Der Dissertationspreis ist eine der bedeutendsten Auszeichnung innerhalb der deutschsprachigen Informatik. Getragen wird dieser Preis von der Gesellschaft für Informatik e.V. (GI), der Schweizer Informatik Gesellschaft (SI), der Österreichischen Computergesellschaft (OCG) und dem German Chapter of the ACM (GChACM). Jede Hochschule mit Promotionsrecht darf eine Promotion für diesen mit 5000,00 Euro dotierten Preis vorschlagen. Die Freude bei Gerold Hölzl war also groß, als er erfuhr, dass seine Dissertation von den entsprechenden Gremien der JKU ausgewählt und damit zur besten Doktorarbeit des Jahres 2015 im Bereich der Linzer Informatik bestimmt worden war.

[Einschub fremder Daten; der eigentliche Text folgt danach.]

lemma (in group_hom) hom_law_val:
  assumes "length gs = weight w + 2" "set gs \<subseteq> carrier G"
  shows "h (law_val G w gs) = law_val H w (map h gs)"
proof -
  have tk: "length (take (weight w) gs) = weight w" "set (take (weight w) gs) \<subseteq> carrier G"
    using assms by (auto dest: in_set_takeD)
  have "gs ! weight w \<in> carrier G" "gs ! (weight w + 1) \<in> carrier G"
    using assms by (auto simp: subset_iff)
  then show ?thesis unfolding law_val_def
    using assms(1) tk oc_eval_closed[OF G.is_group tk]
    by (simp add: hom_comm comm_closed[OF G.is_group] hom_oc_eval take_map)
qed

lemma (in group) inv_mult_cancel_left [simp]:
  "a \<in> carrier G \<Longrightarrow> z \<in> carrier G \<Longrightarrow> inv a \<otimes> (a \<otimes> z) = z"
  by (simp add: m_assoc[symmetric])

lemma (in group) inv_mult_cancel_right [simp]:
  "a \<in> carrier G \<Longrightarrow> z \<in> carrier G \<Longrightarrow> a \<otimes> (inv a \<otimes> z) = z"
  by (simp add: m_assoc[symmetric])

lemma (in group) conj_group_hom: "g \<in> carrier G \<Longrightarrow> group_hom G G (\<lambda>x. g \<otimes> x \<otimes> inv g)"
  by unfold_locales (intro homI, simp_all add: m_assoc)

lemma (in group) comm_eq_one_iff:
  assumes "a \<in> carrier G" "b \<in> carrier G"
  shows "comm G a b = \<one> \<longleftrightarrow> a \<otimes> b = b \<otimes> a"
proof -
  have "comm G a b = inv (b \<otimes> a) \<otimes> (a \<otimes> b)"
    using assms by (simp add: comm_def inv_mult_group m_assoc)
  then show ?thesis
    using assms by (metis inv_closed inv_inv l_inv m_closed inv_equality)
qed

lemma (in group) comm_one_left [simp]: "b \<in> carrier G \<Longrightarrow> comm G \<one> b = \<one>"
  by (simp add: comm_def)

lemma (in group) comm_one_right [simp]: "a \<in> carrier G \<Longrightarrow> comm G a \<one> = \<one>"
  by (simp add: comm_def m_assoc)

lemma (in group) comm_mult_right:
  assumes "u \<in> carrier G" "a \<in> carrier G" "b \<in> carrier G"
  shows "comm G u (a \<otimes> b) = comm G u b \<otimes> (inv b \<otimes> comm G u a \<otimes> b)"
  using assms unfolding comm_def by (simp add: m_assoc inv_mult_group)

lemma (in group) comm_mult_left:
  assumes "a \<in> carrier G" "b \<in> carrier G" "x \<in> carrier G"
  shows "comm G (a \<otimes> b) x = inv b \<otimes> comm G a x \<otimes> b \<otimes> comm G b x"
  using assms unfolding comm_def by (simp add: m_assoc inv_mult_group)

text \<open>A verbal subgroup is normal: its generators are closed under conjugation.\<close>

lemma (in group) verbal_normal: "verbal G w \<lhd> G"
  unfolding verbal_def
proof (rule normal_generateI)
  show "{law_val G w gs |gs. length gs = weight w + 2 \<and> set gs \<subseteq> carrier G} \<subseteq> carrier G"
    using law_val_closed[OF is_group] by auto
next
  fix v g
  assume "v \<in> {law_val G w gs |gs. length gs = weight w + 2 \<and> set gs \<subseteq> carrier G}"
    and g: "g \<in> carrier G"
  then obtain gs where gs: "v = law_val G w gs" "length gs = weight w + 2" "set gs \<subseteq> carrier G"
    by blast
  interpret conj: group_hom G G "\<lambda>x. g \<otimes> x \<otimes> inv g" using conj_group_hom[OF g] .
  have "g \<otimes> v \<otimes> inv g = law_val G w (map (\<lambda>x. g \<otimes> x \<otimes> inv g) gs)"
    using conj.hom_law_val[OF gs(2,3)] gs(1) by simp
  moreover have "set (map (\<lambda>x. g \<otimes> x \<otimes> inv g) gs) \<subseteq> carrier G"
    using gs(3) g by auto
  ultimately show "g \<otimes> v \<otimes> inv g
      \<in> {law_val G w gs |gs. length gs = weight w + 2 \<and> set gs \<subseteq> carrier G}"
    using gs(2) by (metis (mono_tags, lifting) length_map mem_Collect_eq)
qed

text \<open>Exponent bookkeeping for the transfer factors of a cycle-adapted transversal.\<close>

lemma (in group) int_pow_shift:
  assumes x: "x \<in> carrier G"
  shows "x [^] (a::int) \<otimes> x \<otimes> inv (x [^] (b::int)) = x [^] (a + 1 - b)"
proof -
  have "x [^] (a + 1 - b) = x [^] (a + 1) \<otimes> x [^] (- b)"
    using int_pow_mult[OF x, of "a + 1" "- b"] by simp
  also have "x [^] (a + 1) = x [^] a \<otimes> x"
    using int_pow_mult[OF x, of a 1] x by simp
  finally show ?thesis using x by (simp add: int_pow_neg)
qed
(* The posterior after m is orthogonal to the sender row a1 - a0 and to all binding rows;
   scant indifferences separate the sender row from the binding ones. *)
lemma indifferent_profitable_direction:
  assumes "0 < \<sigma> w m" and a0: "0 < \<rho> m a0" and a1: "0 < \<rho> m a1" and "a0 \<noteq> a1"
  shows "\<exists>d :: real^'w.
    (\<forall>b \<in> {b. posterior_value \<mu> uR \<sigma> m b = posterior_value \<mu> uR \<sigma> m a0}.
      (\<Sum>w'\<in>UNIV. d $ w' * (uR b w' - uR a0 w')) = 0) \<and>
    (\<forall>w' \<in> {w. \<sigma> w m = 0}. d $ w' = 0) \<and> 0 < (\<Sum>w'\<in>UNIV. d $ w' * (uS a1 w' - uS a0 w'))"
proof -
  define x :: "real^'w" where "x = (\<chi> w. \<mu> w * \<sigma> w m)"
  have inner_x: "(\<Sum>w'\<in>UNIV. x $ w' * (u b w' - u a0 w')) =
      posterior_value \<mu> u \<sigma> m b - posterior_value \<mu> u \<sigma> m a0" for u b
    unfolding x_def posterior_value_def by (simp add: sum_subtractf algebra_simps)
  have "x $ w \<noteq> 0"
    using \<open>0 < \<sigma> w m\<close> prior_pos[of w] unfolding x_def by simp
  then have "x \<noteq> 0"
    by (metis zero_index)
  have sender: "(\<Sum>w'\<in>UNIV. x $ w' * (uS a1 w' - uS a0 w')) = 0"
    unfolding inner_x using sender_indifferent_on_support[OF a0 a1] by simp
  have receiver: "(\<Sum>w'\<in>UNIV. x $ w' * (uR b w' - uR a0 w')) = 0"
    if "b \<in> {b. posterior_value \<mu> uR \<sigma> m b = posterior_value \<mu> uR \<sigma> m a0}" for b
    using that unfolding inner_x by simp
  have states: "x $ w' = 0" if "w' \<in> {w. \<sigma> w m = 0}" for w'
    using that unfolding x_def by simp
  show ?thesis
    by (rule scant_indifferences_profitable_direction[OF scant \<open>a0 \<noteq> a1\<close> \<open>x \<noteq> 0\<close> sender receiver states])
qed

lemma response_pure_on_path:
  assumes "0 < \<sigma> w m" and a0: "0 < \<rho> m a0" and a1: "0 < \<rho> m a1"
  shows "a0 = a1"
proof (rule ccontr)
  assume "a0 \<noteq> a1"
  let ?X = "posterior_value \<mu> uR \<sigma> m"
  have X_a1: "?X a1 = ?X a0"
    using receiver_best[OF a0, of a1] receiver_best[OF a1, of a0] by simp
  obtain d :: "real^'w" where off_path: "\<And>w'. \<sigma> w' m = 0 \<Longrightarrow> d $ w' = 0"
    and indifferent: "\<And>b. ?X b = ?X a0 \<Longrightarrow> (\<Sum>w'\<in>UNIV. d $ w' * (uR b w' - uR a0 w')) = 0"
    and profitable: "0 < (\<Sum>w'\<in>UNIV. d $ w' * (uS a1 w' - uS a0 w'))"
    using indifferent_profitable_direction[OF assms \<open>a0 \<noteq> a1\<close>] by auto
  have on_path: "0 < outcome w' c" if "d $ w' \<noteq> 0" and "0 < \<rho> m c" for w' c
  proof -
    have "0 < \<sigma> w' m"
      using off_path that(1) \<sigma>_nonneg[of w' m] by (metis less_eq_real_def)
    then show ?thesis
      using outcome_ge[of w' m c] that(2) by (metis mult_pos_pos order_less_le_trans)
  qed
  have "(\<Sum>w'\<in>UNIV. d $ w' * (uS a1 w' - uS a0 w')) \<le> 0"
  proof (rule no_improving_shift)
    fix c b
    show "0 < obedience_gain \<mu> uR outcome c b \<or>
      0 \<le> (point_mass a1 c - point_mass a0 c) * (\<Sum>w'\<in>UNIV. d $ w' * (uR c w' - uR b w'))"
    proof (cases "(c = a0 \<or> c = a1) \<and> ?X b \<noteq> ?X a0")
      case True
      then have "0 < \<rho> m c * (?X c - ?X b)"
        using a0 a1 X_a1 receiver_best[OF a0, of b] by auto
      then show ?thesis
        using obedience_gain_outcome_ge[of m c b] by simp
    next
      case False
      then have "c \<notin> {a0, a1} \<or> ?X c = ?X a0 \<and> ?X b = ?X a0"
        using X_a1 by auto
      then have "(point_mass a1 c - point_mass a0 c) * (\<Sum>w'\<in>UNIV. d $ w' * (uR c w' - uR b w')) = 0"
        using indifferent[of b] indifferent[of c]
        by (auto simp: point_mass_def right_diff_distrib sum_subtractf)
      then show ?thesis by (metis order_refl)
    qed
  qed (use on_path a0 a1 in auto)
  then show False
    using profitable by simp
qed

lemma response_point_mass_on_path:
  assumes "0 < \<sigma> w m"
  shows "\<exists>a. \<rho> m = point_mass a"
proof -
  have "is_distr (\<rho> m)"
    using act_strat unfolding act_strat_def by blast
  obtain a where "0 < \<rho> m a"
    using is_distr_ex_pos[OF \<open>is_distr (\<rho> m)\<close>] by blast
  have "\<rho> m c = 0" if "c \<noteq> a" for c
  proof (rule ccontr)
    assume "\<rho> m c \<noteq> 0"
    then have "0 < \<rho> m c"
      using \<rho>_nonneg[of m c] by simp
    then show False
      using response_pure_on_path[OF assms \<open>0 < \<rho> m a\<close>] that by blast
  qed
  with \<open>is_distr (\<rho> m)\<close> have "\<rho> m = point_mass a"
    by (rule is_distr_eq_point_mass)
  then show ?thesis ..
qed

DI Dr. Gerold Hölzl hat 2002 an der HTL Braunau in der Abteilung Elektronik/Technische Informatik im damaligen schulautonomen Zweig „Umweltmesstechnik“ (jetzt Bionik) maturiert und anschließend Informatik an der JKU studiert. Nach seinem Diplomstudium arbeitete er als Universitätsassistent an dem von Univ.-Prof. Mag. Dr. Alois Ferscha geleiteten Institut für Pervasive Computing und promovierte 2015 mit Auszeichnung zum Thema “zielorientierte Aktivitäts- und Kontexterkennung mit dynamisch variierenden Sensorensembles”. Seit August 2015 arbeitet er als akademischer Rat im EISLab – Embedded Interactive Systems Laboratory – bei Univ.-Prof. Dr. Matthias Kranz an der Universität Passau und bereitet sich dort auf seine Habilitation vor.

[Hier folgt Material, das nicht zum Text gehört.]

(* For any measurable $f:\mathbb R^p\times[K]\to\mathbb R$, any joint distribution $\mathbb P$ of $(\boldsymbol X,S,Y)$ and any $\sigma>0$, the randomized predictor $\hat\Pi(f)$ defined in the context satisfies $$\mathrm{Law}\big(\hat\Pi(f)(\boldsymbol X,S)\mid S=s\big)=\mathrm{Law}\big(\hat\Pi(f)(\boldsymbol X,S)\mid S=s'\big)\qquad\forall s,s'\in[K],$$ where the law involves all the randomness in $\hat\Pi(f)(\boldsymbol X,S)$ (the auxiliary samples, the noises and $(\boldsymbol X,S)$).
   Context: Let $(\boldsymbol X,S,Y)\sim\mathbb P$ on $\mathbb R^p\times[K]\times\mathbb R$ with $\mathbb P(S=s)>0$ for all $s$, and fix $\boldsymbol w\in\Delta^{K-1}$. For each $s\in[K]$, let $\boldsymbol X^s_1,\dots,\boldsymbol X^s_{2N_s}$ be i.i.d. from $\mathrm{Law}(\boldsymbol X\mid S=s)$, independent of $(\boldsymbol X,S,Y)$ and of all other variables. Let $\zeta$ and $(\zeta^s_i)_{s\in[K],i\le2N_s}$ be i.i.d. uniform on $[-\sigma,\sigma]$, and $(U^s)_{s\in[K]}$ i.i.d. uniform on $[0,1]$, all mutually independent and independent of everything else. Set $\tilde f^s_i=f(\boldsymbol X^s_i,s)+\zeta^s_i$ and $\tilde f(\boldsymbol x,s)=f(\boldsymbol x,s)+\zeta$. Define for $t\in\mathbb R$: $\hat F_{1,s}(t)=\frac1{N_s+1}\big(\sum_{i=1}^{N_s}\mathbf 1\{\tilde f^s_i<t\}+U^s(1+\sum_{i=1}^{N_s}\mathbf1\{\tilde f^s_i=t\})\big)$ and $\hat F_{2,s}(t)=\frac1{N_s}\sum_{i=N_s+1}^{2N_s}\mathbf1\{\tilde f^s_i\le t\}$, with generalized inverse $\hat F_{2,s}^{-1}(u)=\inf\{x:\hat F_{2,s}(x)\ge u\}$. Then $\hat\Pi(f)(\boldsymbol x,s)=\sum_{s'=1}^Kw_{s'}\hat F^{-1}_{2,s'}\circ\hat F_{1,s}\circ\tilde f(\boldsymbol x,s)$. *)

theory Defs
  imports "HOL-Probability.Probability"
begin
definition bivariate_normal_density ::
  "real \<Rightarrow> real \<Rightarrow> real \<Rightarrow> real \<Rightarrow> real \<Rightarrow> real \<times> real \<Rightarrow> real" where
  "bivariate_normal_density m1 m2 s11 s12 s22 p =
     (let D = s11 * s22 - s12\<^sup>2; a = fst p - m1; b = snd p - m2 in
      exp (- (s22 * a\<^sup>2 - 2 * s12 * a * b + s11 * b\<^sup>2) / (2 * D)) / (2 * pi * sqrt D))"

definition bivariate_Phi ::
  "real \<times> real \<Rightarrow> real \<Rightarrow> real \<Rightarrow> real \<Rightarrow> real \<Rightarrow> real \<Rightarrow> real" where
  "bivariate_Phi z m1 m2 s11 s12 s22 =
     measure (density (lborel \<Otimes>\<^sub>M lborel) (bivariate_normal_density m1 m2 s11 s12 s22))
       ({..fst z} \<times> {..snd z})"

end

theory Submission
  imports Defs
begin

(*
  Integrating out the observation y ~ F in the threshold-weighted CRPS leaves
  \<integral> F (1 - F) d\<gamma>, since \<integral> (F u - 1{y \<le> u})^2 dF(y) = F u (1 - F u).

  (i) For \<gamma> = Lebesgue measure on [t, \<infinity>) and F = N(m, \<sigma>^2), the substitution u = m + \<sigma> x
  gives \<sigma> \<integral> over [(t - m) / \<sigma>, \<infinity>) of \<Phi> (1 - \<Phi>), and for any c this integral equals
  E (N - max N' c)_+, because (n - max n' c)_+ is the length of {u \<ge> c. n' \<le> u < n}.

  (ii) For \<gamma> = N(t, \<sigma>\<^sub>\<gamma>^2), moving the predictive mean by \<alpha> V and averaging over V
  convolves \<gamma> with N(0, \<alpha>^2), so the result is \<integral> F (1 - F) dN(t, a) with F = N(\<mu>, \<sigma>^2)
  and a = \<alpha>^2 + \<sigma>\<^sub>\<gamma>^2. Writing u = t - W with W ~ N(0, a) and
  F u (1 - F u) = P(X\<^sub>1 \<le> u) P(X\<^sub>2 > u) for independent X\<^sub>i ~ N(\<mu>, \<sigma>^2), this is the probability
  that (X\<^sub>1 - t + W, t - X\<^sub>2 - W) lies in the negative quadrant; that vector is Gaussian with
  mean (\<mu> - t, t - \<mu>), variances \<sigma>^2 + a and covariance -a.
*)

lemma gauss_minus: "gauss m (- s) = gauss m s"
  by (simp add: gauss_def normal_density_def)

lemma sets_gauss [simp, measurable_cong]: "sets (gauss m s) = sets borel"
  by (simp add: gauss_def)

lemma prob_space_gauss: "s \<noteq> 0 \<Longrightarrow> prob_space (gauss m s)"
  using prob_space_normal_density[of "\<bar>s\<bar>" m]
  by (cases "s > 0") (auto simp: gauss_def normal_density_def)

lemma real_distribution_gauss: "s \<noteq> 0 \<Longrightarrow> real_distribution (gauss m s)"
  by (simp add: real_distribution_def real_distribution_axioms_def prob_space_gauss)

lemma nn_integral_gauss:
  "f \<in> borel_measurable borel \<Longrightarrow>
    (\<integral>\<^sup>+y. f y \<partial>gauss m s) = (\<integral>\<^sup>+y. ennreal (normal_density m s y) * f y \<partial>lborel)"
  unfolding gauss_def by (subst nn_integral_density) auto

lemma nn_integral_gauss_affine:
  assumes s: "s \<noteq> 0" and [measurable]: "f \<in> borel_measurable borel"
  shows "(\<integral>\<^sup>+y. f y \<partial>gauss m s) = (\<integral>\<^sup>+x. f (m + s * x) \<partial>gauss 0 1)"
proof -
  have std: "\<bar>s\<bar> * normal_density m s (m + s * x) = normal_density 0 1 x" for x
    using s by (simp add: normal_density_def real_sqrt_mult field_simps power2_eq_square real_sqrt_abs2)
  have "(\<integral>\<^sup>+y. f y \<partial>gauss m s) = (\<integral>\<^sup>+y. ennreal (normal_density m s y) * f y \<partial>lborel)"
    by (rule nn_integral_gauss) simp
  also have "\<dots> = ennreal \<bar>s\<bar> * (\<integral>\<^sup>+x. ennreal (normal_density m s (m + s * x)) * f (m + s * x) \<partial>lborel)"
    using s by (intro nn_integral_real_affine) auto
  also have "\<dots> = (\<integral>\<^sup>+x. ennreal (normal_density 0 1 x) * f (m + s * x) \<partial>lborel)"
    by (subst nn_integral_cmult[symmetric])
       (auto simp: mult.assoc[symmetric] ennreal_mult'[symmetric] std intro!: nn_integral_cong)
  also have "\<dots> = (\<integral>\<^sup>+x. f (m + s * x) \<partial>gauss 0 1)"
    by (rule nn_integral_gauss[symmetric]) simp
  finally show ?thesis .
qed

lemma emeasure_gauss_affine:
  assumes "s \<noteq> 0" and [measurable]: "A \<in> sets borel"
  shows "emeasure (gauss m s) A = emeasure (gauss 0 1) {x. m + s * x \<in> A}"
proof -
  have "emeasure (gauss m s) A = (\<integral>\<^sup>+y. indicator A y \<partial>gauss m s)"
    by simp
  also have "\<dots> = (\<integral>\<^sup>+x. indicator A (m + s * x) \<partial>gauss 0 1)"
    using assms by (intro nn_integral_gauss_affine) auto
  also have "\<dots> = (\<integral>\<^sup>+x. indicator {x. m + s * x \<in> A} x \<partial>gauss 0 1)"
    by (simp add: indicator_def)
  also have "\<dots> = emeasure (gauss 0 1) {x. m + s * x \<in> A}"
    by (rule nn_integral_indicator) measurable
  finally show ?thesis .
qed

lemma emeasure_gauss_singleton [simp]: "emeasure (gauss m s) {c} = 0"
proof -
  have "emeasure (gauss m s) {c} = (\<integral>\<^sup>+x. ennreal (normal_density m s c) * indicator {c} x \<partial>lborel)"
    unfolding gauss_def
    by (subst emeasure_density) (auto simp: indicator_def intro!: nn_integral_cong)
  then show ?thesis
    by simp
qed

Gerold Hölzl forscht und forschte erfolgreich in grundlagenorientierten und angewandten Forschungsprojekten auf europäischer und nationaler Ebene. Seine Forschungsschwerpunkte liegen in den Themengebieten Eingebettete Intelligenz & Pervasive Computing, Aktivitäts- und Kontexterkennungssysteme, Maschinelles Lernen & Mustererkennung, Sensor-Netzwerke und Mobile Computing.

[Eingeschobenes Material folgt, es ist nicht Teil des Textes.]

(* There exists a function $\mathrm{B}:2^{<\omega}\times 2^{<\omega}\to\mathbb{N}$ such that: (1) $\mathrm{B}(x|y)$ is upper semi-computable uniformly in $x,y$; (2) there is a constant $c$ such that $\mathrm{B}(x|y)\le |x|+c$ for all $x,y$; (3) there is a constant $d$, independent of $y$, such that $|\{x : \mathrm{B}(x|y)\le n\}|\le d\cdot 2^n$ for all $y$ and $n$; (4) for every partial computable function $f:2^{<\omega}\to 2^{<\omega}$ there is a constant $c_f$ such that $\mathrm{B}(f(x)|y)\le \mathrm{B}(x|y)+c_f$ for all $y$ and all $x$ in the domain of $f$; (5) there is a constant $e$ such that $\mathrm{B}(x|x)\le e$ for all $x$; (6) $|\mathrm{B}(x|y)-\mathrm{C}(x|y)|$ is unbounded over $x,y\in 2^{<\omega}$.
   Context: $2^{<\omega}$ is the set of finite binary strings; $|x|$ is the length of $x$; $\langle\cdot,\cdot\rangle$ is a fixed computable pairing function on strings. For a machine $T$, $\mathrm{C}_T(x|y)=\min\{|z| : T(\langle z,y\rangle)=x\}$. Fix an optimal machine $\mathbb{U}$ (for every machine $T$ there is $c_T$ with $\mathrm{C}_{\mathbb{U}}(x|y)\le \mathrm{C}_T(x|y)+c_T$ for all $x,y$) and set $\mathrm{C}(x|y)=\mathrm{C}_{\mathbb{U}}(x|y)$. Upper semi-computable uniformly in $x,y$ means the predicate "$\mathrm{B}(x|y)\le k$" is computably enumerable uniformly in $x,y,k$. *)

theory Defs
  imports Main "HOL-Library.Nat_Bijection" "HOL-Library.Extended_Nat"
begin

datatype recf =
    Z
  | S
  | Fst
  | Snd
  | Comp recf recf
  | Pair recf recf
  | Rec recf recf
  | Mu recf

inductive eval :: "recf \<Rightarrow> nat \<Rightarrow> nat \<Rightarrow> bool" where
  eval_Z: "eval Z n 0"
| eval_S: "eval S n (Suc n)"
| eval_Fst: "eval Fst n (fst (prod_decode n))"
| eval_Snd: "eval Snd n (snd (prod_decode n))"
| eval_Comp: "eval g n m \<Longrightarrow> eval f m k \<Longrightarrow> eval (Comp f g) n k"
| eval_Pair: "eval f n a \<Longrightarrow> eval g n b \<Longrightarrow> eval (Pair f g) n (prod_encode (a, b))"
| eval_Rec0: "eval f x v \<Longrightarrow> eval (Rec f g) (prod_encode (x, 0)) v"
| eval_RecS: "eval (Rec f g) (prod_encode (x, k)) u \<Longrightarrow>
      eval g (prod_encode (x, prod_encode (k, u))) v \<Longrightarrow>
      eval (Rec f g) (prod_encode (x, Suc k)) v"
| eval_Mu: "eval f (prod_encode (n, m)) 0 \<Longrightarrow>
      (\<forall>i<m. \<exists>v. eval f (prod_encode (n, i)) v \<and> v \<noteq> 0) \<Longrightarrow>
      eval (Mu f) n m"

type_synonym str = "bool list"

text \<open>Bijective base-2 coding of finite binary strings.\<close>
fun enc :: "str \<Rightarrow> nat" where
  "enc [] = 0"
| "enc (b # x) = 2 * enc x + (if b then 2 else 1)"

function dec :: "nat \<Rightarrow> str" where
  "dec n = (if n = 0 then [] else if even n then True # dec ((n - 2) div 2)
            else False # dec ((n - 1) div 2))"
  by auto
termination by (relation "measure id") auto

definition str_pair :: "str \<Rightarrow> str \<Rightarrow> str" where
  "str_pair z y = dec (prod_encode (enc z, enc y))"

definition partial_computable :: "(str \<Rightarrow> str option) \<Rightarrow> bool" where
  "partial_computable f \<longleftrightarrow>
     (\<exists>r. \<forall>x v. eval r (enc x) v \<longleftrightarrow> (\<exists>z. f x = Some z \<and> v = enc z))"

definition ce_set :: "nat set \<Rightarrow> bool" where
  "ce_set A \<longleftrightarrow> (\<exists>r. \<forall>n. n \<in> A \<longleftrightarrow> (\<exists>v. eval r n v))"

definition upper_semicomputable :: "(str \<Rightarrow> str \<Rightarrow> nat) \<Rightarrow> bool" where
  "upper_semicomputable B \<longleftrightarrow>
     ce_set {prod_encode (enc x, prod_encode (enc y, k)) | x y k. B x y \<le> k}"

definition Ccond :: "(str \<Rightarrow> str option) \<Rightarrow> str \<Rightarrow> str \<Rightarrow> enat" where
  "Ccond T x y = (INF z \<in> {z. T (str_pair z y) = Some x}. enat (length z))"

definition optimal_machine :: "(str \<Rightarrow> str option) \<Rightarrow> bool" where
  "optimal_machine U \<longleftrightarrow> partial_computable U \<and>
     (\<forall>T. partial_computable T \<longrightarrow>
        (\<exists>c::nat. \<forall>x y. Ccond U x y \<le> Ccond T x y + enat c))"

end

theory Submission
  imports Defs
begin

text \<open>Take \<open>B(x|y) = min (C(x|\<epsilon>)) (2 C(x|y))\<close>. The bound by \<open>|x|\<close>, the invariance under
  computable maps and the bound on \<open>B(x|x)\<close> are inherited from \<open>C\<close>. Since
  \<open>C(x|y) \<le> C(x|\<epsilon>) + O(1)\<close>, \<open>B(x|y) \<le> n\<close> forces \<open>C(x|y) \<le> n + O(1)\<close>, which gives the
  counting bound. Upper semicomputability comes from writing \<open>C(x|y) \<le> k\<close> as an existential
  over a decidable relation, using evaluation with a time budget. Finally, along the suffixes
  \<open>y\<close> of an incompressible \<open>x\<close> the value \<open>C(x|y)\<close> moves in bounded steps from \<open>O(1)\<close> to
  \<open>C(x|\<epsilon>)\<close>, so some suffix makes \<open>C(x|y)\<close> large but far below \<open>C(x|\<epsilon>)\<close>; there \<open>B = 2C\<close>.\<close>

section \<open>Binary strings\<close>

declare dec.simps [simp del]

lemma dec_0 [simp]: "dec 0 = []"
  by (subst dec.simps) simp

lemma dec_pos:
  "0 < n \<Longrightarrow> dec n = (if even n then True # dec ((n - 1) div 2) else False # dec ((n - 1) div 2))"
proof -
  assume "0 < n"
  moreover have "even n \<Longrightarrow> (n - 2) div 2 = (n - 1) div 2" by presburger
  ultimately show ?thesis by (subst dec.simps) auto
qed

lemma enc_dec [simp]: "enc (dec n) = n"
proof (induction n rule: less_induct)
  case (less n)
  show ?case
  proof (cases "n = 0")
    case False
    then have "(n - 1) div 2 < n" by simp
    with False less show ?thesis by (simp add: dec_pos) presburger
  qed simp
qed

lemma inj_enc: "inj enc"
proof (rule injI)
  show "enc x = enc y \<Longrightarrow> x = y" for x y
  proof (induction x arbitrary: y)
    case Nil then show ?case by (cases y) (auto split: if_splits)
  next
    case (Cons a x)
    then show ?case by (cases y) (auto split: if_splits, presburger+)
  qed
qed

„Die Integration einer Vielzahl von Sensoren und intelligenten Geräten in ein kooperatives Netzwerk wird in Zukunft immer wichtiger. Es kann sich dabei entweder um am Körper zu tragende (z.B. Smartphones, Smartwatches) und/oder in der Umgebung (z.B. Beacons) angebrachte Systeme handeln. Die Vision ist es, ein hochkomplexes, intelligentes Netzwerk aus Milliarden von vernetzten Sensoren zu verwirklichen. Mit Hilfe der gewonnenen Informationen können technische Systeme lernen, menschliche Aktivitäten und ihre Bedeutung auf unterschiedlichster Ebene zu verstehen. Maschinelles Lernen und Methoden der mathematischen Mustererkennung bieten Werkzeuge um diese Daten in Echtzeit interpretieren zu können. Statistische Modelle ermöglichen es, die erfassten Sensordaten in semantische, für Menschen und Maschinen verständliche Informationen zu übersetzen. Daraus abgeleitete Kontext- und Aktivitätsinformationen können als Ausgangsbasis für neuartige, intelligente, eingebettete Systeme verwendet werden, um innovative Benutzungserlebnisse und Anwendungen zu generieren. Der Fokus meiner Arbeiten liegt auf der Entwicklung und Implementierung dieser Systeme. Sie sollen menschliche Aktivitäten bzw. menschliches Verhalten in unterschiedlichen Anwendungsszenarien (z.B. SmartHomes, SmartCars und Arbeitsprozessen mit Cyber-Physischen-Systemen) verstehen um die “wirklich” intelligenten Systeme der Zukunft zu bauen“, erklärt der Informatikspezialist seine Forschungsgebiete näher.

Neben seiner Forschungs- und Lehrtätigkeit, ist er begeisterter Hobbyläufer und Biker, interessiert sich für Wirtschaft und Politik sowie für Natur, Design, gutes Essen, Kochen und Wein. Auf seine HTL-Zeit in Braunau blickt er mit sehr positiven Erinnerungen zurück „Für mich waren die 5 Jahre an der HTL Braunau die Zeit, in der Interessen geweckt, Begabungen erkannt wurden und ich mir Fertigkeiten angeeignet habe, die mir bis heute immer noch von großem Nutzen sind. Trotz, oder gerade wegen der 40 Wochenstunden inklusive Samstagvormittag war es für mich eine der schönsten Zeiten. Es hat Spaß gemacht, mit den Lehrern in einem fast freundschaftlichen Verhältnis auch außerhalb der normalen Schulzeit an Projekten (Stichwort: „Octopus“) zu arbeiten und diese auch in Wettbewerben (Stichwort: „Jugend Innovativ“) erfolgreich zu präsentieren“.

Die HTL-Braunau freut sich sehr über seine herausragende Karriere und wünscht ihm für die Erlangung des Dissertationspreises alles Gute!